Маша без медведя 2 (СИ)
— Вроде как, выторговываем лучшие для себя условия?
— Конечно. Похоже, бабушке такая стратегия вполне по душе, и наши действия она одобряет. Кроме того, этим договором мы как бы отодвигаем других претендентов, понимаешь? Подчёркиваем статус Голицыных как предпочтительных кавалеров.
Сколько сложностей, сферы небесные…
Всё свободное время этого дня мы потратили на постановку манонакопительных воронок на каждый камушек. Работали теперь уже вдвоём. Наверное, как наставник я не очень правильно себя веду — я, конечно, припоминаю, как меня учили, стараюсь сперва простое брать, а потом уж посложнее, но иногда требуется что-то срочное — и мы, наплевав на правила, включаем сложные формулы в свою «программу». Может быть, Маруся не до конца понимает механику процесса, но делает правильно. Ничего, со временем разберётся.
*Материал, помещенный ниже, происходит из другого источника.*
(* Let Assumptions 1, 2 and 3 hold, and assume $f$ is uniformly convex on $X$ with parameters $\rho\ge2$ and $\mu(f)>0$ (so $f$ has a unique minimizer $x_*$ on $X$). Run SMD for $N-1$ iterations from $x_1=x_\omega$ with constant stepsizes $\gamma=\dfrac{D_{\omega,X}\sqrt{\mu(\omega)}}{\sqrt{2(M_2^2+L^2)}\sqrt N}$, and let $x^N=\frac1N\sum_{\tau=1}^Nx_\tau$, $g^N=\frac1N\sum_{\tau=1}^Ng(x_\tau,\xi_\tau)$. Then $$\mathbb E\big[|g^N-f(x_* )|\big]\le\frac{M_1+\frac{D_{\omega,X}}{\sqrt{\mu(\omega)}}\sqrt{2(M_2^2+L^2)}}{\sqrt N}\quad\text{and}\quad\mathbb E\big[\|x^N-x_*\|^\rho\big]\le\frac{D_{\omega,X}\sqrt{2(M_2^2+L^2)}}{\mu(f)\sqrt{\mu(\omega)}\sqrt N}.$$
   Context: $f$ is uniformly convex on $X$ with parameters $\rho\ge2$, $\mu(f)>0$ if for all $t\in[0,1]$ and $x,y\in X$: $f(tx+(1-t)y)\le tf(x)+(1-t)f(y)-\frac{\mu(f)}2t(1-t)(t^{\rho-1}+(1-t)^{\rho-1})\|x-y\|^\rho$. Proximal setup: $E$ Euclidean space with norm $\|\cdot\|$, dual norm $\|\cdot\|_*$; $X$ nonempty closed bounded convex; $\omega:X\to\mathbb R$ convex continuous, continuous subgradient selection $\omega'$ on $X^o$, strongly convex with modulus $\mu(\omega)>0$ w.r.t. $\|\cdot\|$; $x_\omega=\arg\min_X\omega$; $D_{\omega,X}=\sqrt{2[\max_X\omega-\min_X\omega]}$; $\mathrm{Prox}_x(\zeta)=\arg\min_{y\in X}\{\omega(y)+y^\top(\zeta-\omega'(x))\}$. Problem: $f(x)=\mathbb E[g(x,\xi)]$, $g$ Borel, convex in $x$; $f$ convex Lipschitz on $X$; $\xi_1,\xi_2,\dots$ i.i.d.; oracle returns $g(x,\xi_t)$ and measurable $G(x,\xi_t)\in\partial_xg(x,\xi_t)$; $f'=\mathbb EG$, $\delta=g-f$, $\Delta=G-f'$. SMD: $x_{t+1}=\mathrm{Prox}_{x_t}(\gamma G(x_t,\xi_t))$. Assumption 1: $\|f'(x)\|_*\le L$ on $X$. Assumption 2: $f=\mathbb Eg$, $\mathbb EG(x,\xi)\in\partial f(x)$. Assumption 3: $\mathbb E\delta^2\le M_1^2$, $\mathbb E\|\Delta\|_*^2\le M_2^2$ on $X$. *)

theory Defs
  imports "HOL-Probability.Probability"
begin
Я параллельно ставила экранирующие щиты — чтобы ни один вражеский пылесос не мог засечь нашу «зарядную станцию». Обработали в первую очередь оба колье и оба браслета. Тем же вечером слетали на речной островок, пели там два часа, пока Маруся не сказала:
— Тебе не кажется, что камни начали переливаться немного по-другому?
— Во-о-от! — обрадовалась я. — Это ещё не предел, но уже хороший показатель! Теперь давай прямо тут попробуем сменить риталид на камешки, если вдруг не пойдёт, река тебя поддержит.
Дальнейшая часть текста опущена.